(* Let $\mathscr{D}$ be a nonnegative integer-valued random variable with $\mathbb{P}(\mathscr{D}>t)=\mathcal{L}(t)t^{-\gamma}$, $\mathcal{L}$ slowly varying, $1<\gamma<2$. Let $D_1,\dots,D_n$ be i.i.d. copies and consider the configuration model with these degrees and the erased configuration model obtained from it. Then for every integer $p\ge0$ and every $\delta>0$, \[ \frac{\sum_{i=1}^nD_i^pY_i}{n^{\frac p\gamma+2-\gamma+\delta}}\to0\quad\text{and}\quad\frac{\sum_{1\le i<j\le n}Z_{ij}D_iD_j}{n^{\frac2\gamma+2-\gamma+\delta}}\to0 \] in probability.
   Context: Configuration model: vertex $i$ gets $D_i$ half-edges (one added if the sum is odd; ignored), paired uniformly at random; $X_{ij}$ is the number of edges between $i\neq j$, $X_{ii}$ the number of self-loops at $i$. The erased configuration model removes all self-loops and merges multiple edges into single edges. $Z_{ij}$ is the number of edges between $i$ and $j$ that are removed ($Z_{ii}=X_{ii}$, $Z_{ij}=X_{ij}-\mathbf 1\{X_{ij}>0\}$ for $i\ne j$), and $Y_i=\sum_{j=1}^nZ_{ij}=X_{ii}+\sum_{j\ne i}(X_{ij}-\mathbf 1\{X_{ij}>0\})$ is the number of removed stubs of vertex $i$. *)

theory Defs
  imports "HOL-Probability.Probability"
begin
(* For any $k \ge 1$, the number of Grassmannian permutations of all sizes $m \ge 0$ (the empty permutation of size $0$ included) that avoid $\operatorname{id}_k = 12\cdots k$ is \[ \sum_{m=0}^{2k-2} |\mathcal{G}_m(\operatorname{id}_k)| = C_{k+1} - \binom{k}{2} - 1, \] and there are none of size $m \ge 2k-1$. Here $C_n=\frac{1}{n+1}\binom{2n}{n}$.
   Context: A permutation is Grassmannian if it has at most one descent (one-line notation). $\mathcal{G}_m(\operatorname{id}_k)$ denotes the set of Grassmannian permutations of $[m]$ that avoid (do not contain as an order-isomorphic subsequence) the identity permutation $12\cdots k$. *)

theory Defs
  imports Main "HOL-Library.Sublist"
begin

definition perms_of :: "nat \<Rightarrow> nat list set" where
  "perms_of m = {xs. distinct xs \<and> set xs = {1..m}}"

text \<open>Descent positions (0-based index i with w(i) > w(i+1)).\<close>
definition descents :: "nat list \<Rightarrow> nat set" where
  "descents xs = {i. Suc i < length xs \<and> xs ! i > xs ! Suc i}"

definition grassmannian :: "nat list \<Rightarrow> bool" where
  "grassmannian xs \<longleftrightarrow> card (descents xs) \<le> 1"

text \<open>xs contains the pattern id_k = 12...k iff it has an increasing subsequence of length k.\<close>
definition contains_id :: "nat \<Rightarrow> nat list \<Rightarrow> bool" where
  "contains_id k xs \<longleftrightarrow> (\<exists>ys. subseq ys xs \<and> length ys = k \<and> sorted_wrt (<) ys)"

+ + + + +

> PROBLEM STATEMENT:
Copy every line of the listing containing the string "subsequence".

> RESULT:
   Context: A permutation is Grassmannian if it has at most one descent (one-line notation). $\mathcal{G}_m(\operatorname{id}_k)$ denotes the set of Grassmannian permutations of $[m]$ that avoid (do not contain as an order-isomorphic subsequence) the identity permutation $12\cdots k$. *)
text \<open>xs contains the pattern id_k = 12...k iff it has an increasing subsequence of length k.\<close>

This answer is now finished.